PEP 285: Adding a bool type
Terry Reedy
tejarex at yahoo.com
Tue Apr 9 00:16:36 EDT 2002
"Alex Martelli" <aleax at aleax.it> wrote in message
news:Eeos8.74753$S52.2651788 at news2.tin.it...
> Bengt Richter wrote:
> ...
> > Well, I guess that depends on how you define "assignment" in
Python.
>
> I don't have to, as the Language Reference sees to that:
> http://www.python.org/dev/doc/devel/ref/assignment.html
This defines an 'assignment statement', which uses an 'assignment
operator'. 'Assignment can be read as a more generic concept whose
definition we do not necessarily agree on.
> It's a serious logical fallacy to reason "assignment statements may
> (among other things) rebind names, therefore what rebinds a name
> is an assignment". Many bindings occur other than by assignment.
> Would you call a for statement, a def statement, a class statement,
> or an import statement "assignments", because they also rebind
> names?!
In the broad sense, yes.
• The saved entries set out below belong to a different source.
lemma entire_uniform_limit_of_polys:
  fixes p :: "nat \<Rightarrow> complex poly" and w e :: "nat \<Rightarrow> real"
  assumes deg: "\<And>n. degree (p n) \<le> n"
    and w: "\<And>k. 0 < w k" and m: "0 < m" "eventually (\<lambda>k. m ^ k \<le> w k) sequentially"
    and e: "\<And>n. 0 \<le> e n" "superexp_decay e"
    and step: "\<And>n k. cmod (coeff (p (Suc n)) k - coeff (p n) k) * w k \<le> e n"
  shows "\<exists>F. F holomorphic_on UNIV \<and>
           (\<forall>r m'. 0 < r \<and> r < m' \<and> eventually (\<lambda>k. m' ^ k \<le> w k) sequentially \<longrightarrow>
              uniform_limit (ball 0 r) (\<lambda>n. poly (p n)) F sequentially)"
proof -
  define t where "t = (\<lambda>n. \<Sum>i. e (i + n))"
  have e_sum: "summable e" and t: "superexp_decay t"
    using superexp_decay_tail[OF e] by (simp_all add: t_def)
  have t_nonneg: "0 \<le> t n" for n
    unfolding t_def by (intro suminf_nonneg summable_ignore_initial_segment[OF e_sum] e)
  obtain \<beta> where \<beta>: "\<And>k n. cmod (\<beta> k - coeff (p n) k) \<le> t n / w k"
    using coeff_limits_with_tail_bound[OF w e_sum step] unfolding t_def by blast
  have rad: "conv_radius \<beta> = \<infinity>"
    by (intro conv_radius_eq_inf_if_superexp_decay superexp_decay_limit_coeffs[OF deg \<beta> t_nonneg t w m])
  have "uniform_limit (ball 0 r) (\<lambda>n. poly (p n)) (eval_fps (Abs_fps \<beta>)) sequentially"
    if r: "0 < r" "r < m'" and m': "eventually (\<lambda>k. m' ^ k \<le> w k) sequentially" for r m'
  proof (rule uniform_limitI)
    fix \<epsilon> :: real assume "0 < \<epsilon>"
    define S where "S = (\<Sum>k. r ^ k / w k)"
    have S: "summable (\<lambda>k. r ^ k / w k)"
      by (rule summable_power_div_if_eventually_power_le[OF w r m'])
    have "(\<lambda>n. t n * S) \<longlonglongrightarrow> 0 * S"
      by (intro tendsto_mult tendsto_const superexp_decay_LIMSEQ_0[OF t_nonneg t])
    with \<open>0 < \<epsilon>\<close> have "eventually (\<lambda>n. t n * S < \<epsilon>) sequentially"
      by (intro order_tendstoD) auto
    thus "eventually (\<lambda>n. \<forall>z\<in>ball 0 r. dist (poly (p n) z) (eval_fps (Abs_fps \<beta>) z) < \<epsilon>) sequentially"
    proof eventually_elim
      case (elim n)
      show ?case
      proof
        fix z :: complex assume "z \<in> ball 0 r"
        hence "cmod (poly (p n) z - eval_fps (Abs_fps \<beta>) z) \<le> t n * S"
          unfolding S_def by (intro norm_poly_minus_eval_fps_le[OF rad \<beta> w t_nonneg S]) auto
        with elim show "dist (poly (p n) z) (eval_fps (Abs_fps \<beta>) z) < \<epsilon>"
          by (simp add: dist_norm)
      qed
    qed
  qed
  with entire_eval_fps_Abs_fps(1)[OF rad] show ?thesis by blast
qed

section \<open>Admissible function spaces\<close>

locale admissible_fn_space =
  fixes X :: "(complex \<Rightarrow> complex) set" and N :: "(complex \<Rightarrow> complex) \<Rightarrow> real"
  assumes admissible: "admissible_space X N"
begin

lemma vanishes_outside_disk: "f \<in> X \<Longrightarrow> z \<notin> ball 0 1 \<Longrightarrow> f z = 0"
  using admissible unfolding admissible_space_def by (elim conjE) simp

lemma zero_mem: "(\<lambda>z. 0) \<in> X"
  using admissible unfolding admissible_space_def by (elim conjE)

lemma add_mem: "f \<in> X \<Longrightarrow> g \<in> X \<Longrightarrow> (\<lambda>z. f z + g z) \<in> X"
  using admissible unfolding admissible_space_def by (elim conjE) simp

lemma scale_mem: "f \<in> X \<Longrightarrow> (\<lambda>z. c * f z) \<in> X"
  using admissible unfolding admissible_space_def by (elim conjE) simp

lemma N_eq_0_iff: "f \<in> X \<Longrightarrow> N f = 0 \<longleftrightarrow> f = (\<lambda>z. 0)"
  using admissible unfolding admissible_space_def by (elim conjE) simp

lemma N_triangle: "f \<in> X \<Longrightarrow> g \<in> X \<Longrightarrow> N (\<lambda>z. f z + g z) \<le> N f + N g"
  using admissible unfolding admissible_space_def by (elim conjE) simp

lemma N_scale: "f \<in> X \<Longrightarrow> N (\<lambda>z. c * f z) = cmod c * N f"
  using admissible unfolding admissible_space_def by (elim conjE) simp

lemma restr_entire_mem: "g holomorphic_on UNIV \<Longrightarrow> restr g \<in> X"
  using admissible unfolding admissible_space_def by (elim conjE) simp

lemma N_circle_conv_le:
  assumes F: "F \<in> X" and \<kappa>: "continuous_on {0..2*pi} \<kappa>"
  shows "N (circle_conv F \<kappa>) \<le> integral {0..2*pi} (\<lambda>t. cmod (\<kappa> t)) / (2*pi) * N F"
proof -
  have "set_integrable lborel {0..2*pi} \<kappa>"
    by (rule borel_integrable_atLeastAtMost'[OF \<kappa>])
  hence "N (circle_conv F \<kappa>) \<le> (1 / (2*pi)) * (LINT t:{0..2*pi}|lborel. cmod (\<kappa> t)) * N F"
    using admissible F unfolding admissible_space_def circle_conv_def by (elim conjE) simp
  moreover have "(LINT t:{0..2*pi}|lborel. cmod (\<kappa> t)) = integral {0..2*pi} (\<lambda>t. cmod (\<kappa> t))"
    by (intro set_borel_integral_eq_integral(2) borel_integrable_atLeastAtMost' continuous_intros \<kappa>)
  ultimately show ?thesis by simp
qed

lemma diff_mem: "f \<in> X \<Longrightarrow> g \<in> X \<Longrightarrow> (\<lambda>z. f z - g z) \<in> X"
  using add_mem[of f "\<lambda>z. (-1) * g z"] scale_mem[of g "-1"] by simp

lemma N_nonneg: "f \<in> X \<Longrightarrow> 0 \<le> N f"
  using N_triangle[of f "\<lambda>z. (-1) * f z"] N_scale[of f "-1"] scale_mem[of f "-1"]
    N_eq_0_iff[OF zero_mem] by simp

lemma N_diff_le:
  assumes "f \<in> X" "g \<in> X" "h \<in> X"
  shows "N (\<lambda>z. g z - h z) \<le> N (\<lambda>z. f z - g z) + N (\<lambda>z. f z - h z)"
proof -
  have "N (\<lambda>z. (-1) * (f z - g z) + (f z - h z)) \<le> N (\<lambda>z. (-1) * (f z - g z)) + N (\<lambda>z. f z - h z)"
    using assms by (intro N_triangle scale_mem diff_mem)
  thus ?thesis using N_scale[OF diff_mem[OF assms(1,2)], of "-1"] by simp
qed

lemma restr_poly_mem: "restr (poly q) \<in> X"
  by (rule restr_entire_mem) (auto intro: holomorphic_intros)

lemma N_mono_fn_pos: "0 < N (mono_fn n)"
proof -
  have mem: "mono_fn n \<in> X"
    unfolding mono_fn_def by (rule restr_entire_mem) (auto intro: holomorphic_intros)
  have "mono_fn n (1/2) \<noteq> 0" by (simp add: mono_fn_def restr_def)
  hence "N (mono_fn n) \<noteq> 0" using N_eq_0_iff[OF mem] by auto
  thus ?thesis using N_nonneg[OF mem] by simp
qed

lemma Taylor_coeff_N_le:
  assumes hol: "h holomorphic_on UNIV"
  shows "cmod ((deriv ^^ k) h 0 / fact k) * N (mono_fn k) \<le> N (restr h)"
proof -
  define c where "c = (deriv ^^ k) h 0 / fact k"
  have \<kappa>: "continuous_on {0..2*pi} (\<lambda>t. cis (- (real k * t)))" by (intro continuous_intros)
  have "circle_conv (restr h) (\<lambda>t. cis (- (real k * t))) = restr (\<lambda>z. 2 * pi * (c * z ^ k) / (2 * pi))"
    by (rule circle_conv_restr[OF hol \<kappa>]) (unfold c_def, rule has_integral_circle_Taylor_coeff[OF hol])
  also have "\<dots> = (\<lambda>z. c * mono_fn k z)"
    by (auto simp: restr_def mono_fn_def)
  finally have "N (\<lambda>z. c * mono_fn k z) \<le> integral {0..2*pi} (\<lambda>t. cmod (cis (- (real k * t)))) / (2*pi) * N (restr h)"
    using N_circle_conv_le[OF restr_entire_mem[OF hol] \<kappa>] by simp
  moreover have "mono_fn k \<in> X"
    unfolding mono_fn_def by (rule restr_entire_mem) (auto intro: holomorphic_intros)
  ultimately show ?thesis using N_scale[of "mono_fn k" c] by (simp add: c_def)
qed

lemma best_approx_error_le:
  assumes f: "f \<in> X" and q: "degree q < n"
  shows "best_approx_error N n f \<le> N (\<lambda>z. f z - restr (poly q) z)"
  unfolding best_approx_error_def
proof (rule cINF_lower)
  show "bdd_below ((\<lambda>p. N (\<lambda>z. f z - p z)) ` poly_space n)"
    by (rule bdd_belowI[of _ 0]) (auto simp: poly_space_def intro!: N_nonneg diff_mem[OF f] restr_poly_mem)
  show "restr (poly q) \<in> poly_space n"
    using q by (auto simp: poly_space_def)
qed

lemma best_approx_error_nonneg:
  assumes f: "f \<in> X" and n: "1 \<le> n"
  shows "0 \<le> best_approx_error N n f"
  unfolding best_approx_error_def
proof (rule cINF_greatest)
  show "poly_space n \<noteq> {}"
    using n by (auto simp: poly_space_def intro!: exI[of _ 0])
qed (auto simp: poly_space_def intro!: N_nonneg diff_mem[OF f] restr_poly_mem)

lemma best_approx_error_le_entire:
  fixes g :: "complex \<Rightarrow> complex"
  assumes f: "f \<in> X" and hol: "g holomorphic_on UNIV" and fg: "\<And>z. z \<in> ball 0 1 \<Longrightarrow> f z = g z"
    and \<rho>: "0 < \<rho>" "\<rho> < 1" and n: "1 \<le> n"
  shows "best_approx_error N n f \<le> N (restr (\<lambda>z. g (z / \<rho>))) * \<rho> ^ n / (1 - \<rho>)"
proof -
  define a where "a = complex_of_real \<rho>"
  have a: "cmod a < 1" "cmod a = \<rho>" using \<rho> by (simp_all add: a_def)
  define \<kappa> where "\<kappa> t = (a * cis (- t)) ^ n * (cis t / (cis t - a))" for t
  define q where "q = (\<Sum>k<n. monom ((deriv ^^ k) g 0 / fact k) k)"
  have "degree q \<le> n - 1"
    unfolding q_def by (rule degree_sum_le) (auto intro: order.trans[OF degree_monom_le])
  hence deg: "degree q < n" using n by simp
  have \<kappa>_cont: "continuous_on {0..2*pi} \<kappa>"
    unfolding \<kappa>_def by (intro continuous_intros) (use a in auto)
  have hol\<rho>: "(\<lambda>z. g (z / \<rho>)) holomorphic_on UNIV"
    using holomorphic_on_compose_scale[OF hol, of "1 / \<rho>"] by (simp add: mult.commute)
  have "circle_conv (restr (\<lambda>z. g (z / \<rho>))) \<kappa>
          = restr (\<lambda>z. 2 * pi * (g (z / \<rho> * a) - (\<Sum>k<n. (deriv ^^ k) g 0 / fact k * (z / \<rho> * a) ^ k)) / (2 * pi))"
  proof (rule circle_conv_restr[OF hol\<rho> \<kappa>_cont])
    fix z :: complex
    show "((\<lambda>t. g (z * cis t / \<rho>) * \<kappa> t) has_integral
            2 * pi * (g (z / \<rho> * a) - (\<Sum>k<n. (deriv ^^ k) g 0 / fact k * (z / \<rho> * a) ^ k))) {0..2*pi}"
      using has_integral_circle_Taylor_remainder[OF hol a(1), of "z / \<rho>" n]
      by (simp add: \<kappa>_def)
  qed
  also have "\<dots> = (\<lambda>z. f z - restr (poly q) z)"
    using \<rho> vanishes_outside_disk[OF f] fg
    by (auto simp: restr_def a_def q_def poly_sum poly_monom)
  finally have conv: "circle_conv (restr (\<lambda>z. g (z / \<rho>))) \<kappa> = (\<lambda>z. f z - restr (poly q) z)" .
  have \<kappa>_int: "integral {0..2*pi} (\<lambda>t. cmod (\<kappa> t)) / (2 * pi) \<le> \<rho> ^ n / (1 - \<rho>)"
    unfolding \<kappa>_def a_def by (rule integral_norm_Taylor_kernel_le[OF \<rho>])
  have "best_approx_error N n f \<le> N (\<lambda>z. f z - restr (poly q) z)"
    by (rule best_approx_error_le[OF f deg])
  also have "\<dots> \<le> integral {0..2*pi} (\<lambda>t. cmod (\<kappa> t)) / (2 * pi) * N (restr (\<lambda>z. g (z / \<rho>)))"
    unfolding conv[symmetric] by (rule N_circle_conv_le[OF restr_entire_mem[OF hol\<rho>] \<kappa>_cont])
  also have "\<dots> \<le> \<rho> ^ n / (1 - \<rho>) * N (restr (\<lambda>z. g (z / \<rho>)))"
    by (rule mult_right_mono[OF \<kappa>_int N_nonneg[OF restr_entire_mem[OF hol\<rho>]]])
  finally show ?thesis by (simp add: mult.commute)
qed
Realizing that import, def, and class are
syntactic sugar for an underlying assignment process that actually or
potentially could have been written as an explicit assignment
statement was a milestone in my understanding of Python. All three
are run time functions rather than compile time declarations (which
def and class initially looked like to me). To wit:
import a #and
a = __import__('a')
do the same thing. Writing 'a' just once, without being quoted, is
handier and allows the 'from' and 'as' extensions. There is a builtin
class constructor function (I forget the details). And
def fname(p1, ..., pk): suite # is much nicer than the hypothecal
equivalent
fname = makefunc('fname', ('p1', ..., 'pk'), '''suite''')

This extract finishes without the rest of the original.